> [What to do]
In the listing below, a line holding "l_def Q_def field_simps)" and a line holding "using linear_form_mgf_bound(1)[OF V(1)" mark the range. Retype both exactly, with all lines between them.

> [Supplied entries]
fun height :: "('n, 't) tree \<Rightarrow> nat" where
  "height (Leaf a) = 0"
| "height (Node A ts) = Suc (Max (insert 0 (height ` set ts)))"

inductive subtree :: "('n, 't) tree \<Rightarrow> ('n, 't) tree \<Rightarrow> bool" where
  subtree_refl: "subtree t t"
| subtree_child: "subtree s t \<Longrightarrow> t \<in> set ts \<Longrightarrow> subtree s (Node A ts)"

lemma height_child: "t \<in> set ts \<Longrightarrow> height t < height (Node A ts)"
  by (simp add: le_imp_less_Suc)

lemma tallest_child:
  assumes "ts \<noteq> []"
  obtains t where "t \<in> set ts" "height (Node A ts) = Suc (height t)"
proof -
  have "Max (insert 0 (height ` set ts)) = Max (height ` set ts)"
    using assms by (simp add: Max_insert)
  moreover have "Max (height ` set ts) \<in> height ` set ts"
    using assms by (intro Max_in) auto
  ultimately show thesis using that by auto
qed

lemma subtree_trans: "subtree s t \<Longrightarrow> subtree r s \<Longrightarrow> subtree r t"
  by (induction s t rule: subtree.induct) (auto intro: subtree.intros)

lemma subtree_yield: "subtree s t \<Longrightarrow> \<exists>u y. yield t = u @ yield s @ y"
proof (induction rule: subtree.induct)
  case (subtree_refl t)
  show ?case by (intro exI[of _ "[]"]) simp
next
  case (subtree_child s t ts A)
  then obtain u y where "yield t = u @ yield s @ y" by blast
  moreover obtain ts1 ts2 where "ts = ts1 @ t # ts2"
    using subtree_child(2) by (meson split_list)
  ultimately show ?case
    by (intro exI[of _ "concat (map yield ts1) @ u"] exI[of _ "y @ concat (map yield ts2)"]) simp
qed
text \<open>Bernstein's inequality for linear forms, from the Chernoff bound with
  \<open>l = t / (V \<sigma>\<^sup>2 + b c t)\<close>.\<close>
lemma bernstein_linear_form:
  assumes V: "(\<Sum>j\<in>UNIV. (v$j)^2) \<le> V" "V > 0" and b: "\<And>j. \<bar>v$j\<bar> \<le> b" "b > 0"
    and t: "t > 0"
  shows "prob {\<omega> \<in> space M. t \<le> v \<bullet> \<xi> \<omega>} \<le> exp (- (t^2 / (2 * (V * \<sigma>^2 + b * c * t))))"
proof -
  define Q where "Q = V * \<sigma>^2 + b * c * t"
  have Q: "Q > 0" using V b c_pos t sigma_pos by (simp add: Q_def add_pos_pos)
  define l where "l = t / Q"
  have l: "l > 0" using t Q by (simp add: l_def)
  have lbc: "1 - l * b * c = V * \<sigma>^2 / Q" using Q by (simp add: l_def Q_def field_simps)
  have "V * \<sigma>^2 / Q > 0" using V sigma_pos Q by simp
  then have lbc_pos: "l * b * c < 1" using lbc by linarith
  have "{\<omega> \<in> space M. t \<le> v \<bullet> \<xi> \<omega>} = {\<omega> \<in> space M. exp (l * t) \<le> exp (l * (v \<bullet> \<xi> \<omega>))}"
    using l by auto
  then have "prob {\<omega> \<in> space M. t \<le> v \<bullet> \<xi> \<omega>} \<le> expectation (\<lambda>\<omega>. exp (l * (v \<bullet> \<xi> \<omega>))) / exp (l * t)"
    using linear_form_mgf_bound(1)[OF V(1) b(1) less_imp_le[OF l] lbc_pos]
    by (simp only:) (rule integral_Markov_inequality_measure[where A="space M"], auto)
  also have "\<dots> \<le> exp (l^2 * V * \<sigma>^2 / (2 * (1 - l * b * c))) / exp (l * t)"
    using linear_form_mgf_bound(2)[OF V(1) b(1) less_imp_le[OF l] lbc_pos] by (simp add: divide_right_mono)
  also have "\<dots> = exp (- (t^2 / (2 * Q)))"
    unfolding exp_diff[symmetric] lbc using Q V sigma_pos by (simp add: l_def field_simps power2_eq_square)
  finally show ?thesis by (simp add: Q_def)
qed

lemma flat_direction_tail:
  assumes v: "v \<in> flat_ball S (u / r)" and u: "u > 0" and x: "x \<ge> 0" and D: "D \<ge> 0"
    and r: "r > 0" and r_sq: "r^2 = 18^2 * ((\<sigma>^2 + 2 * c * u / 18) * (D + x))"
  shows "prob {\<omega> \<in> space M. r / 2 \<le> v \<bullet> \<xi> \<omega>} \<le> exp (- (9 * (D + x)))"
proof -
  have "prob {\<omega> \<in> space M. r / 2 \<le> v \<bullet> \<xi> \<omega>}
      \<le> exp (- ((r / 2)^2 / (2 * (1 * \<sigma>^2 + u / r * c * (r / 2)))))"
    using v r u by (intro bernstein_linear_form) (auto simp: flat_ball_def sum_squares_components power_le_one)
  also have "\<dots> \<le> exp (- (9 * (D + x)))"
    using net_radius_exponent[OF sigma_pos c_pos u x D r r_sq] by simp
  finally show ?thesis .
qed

> [Task output]
  have lbc: "1 - l * b * c = V * \<sigma>^2 / Q" using Q by (simp add: l_def Q_def field_simps)
  have "V * \<sigma>^2 / Q > 0" using V sigma_pos Q by simp
  then have lbc_pos: "l * b * c < 1" using lbc by linarith
  have "{\<omega> \<in> space M. t \<le> v \<bullet> \<xi> \<omega>} = {\<omega> \<in> space M. exp (l * t) \<le> exp (l * (v \<bullet> \<xi> \<omega>))}"
    using l by auto
  then have "prob {\<omega> \<in> space M. t \<le> v \<bullet> \<xi> \<omega>} \<le> expectation (\<lambda>\<omega>. exp (l * (v \<bullet> \<xi> \<omega>))) / exp (l * t)"
    using linear_form_mgf_bound(1)[OF V(1) b(1) less_imp_le[OF l] lbc_pos]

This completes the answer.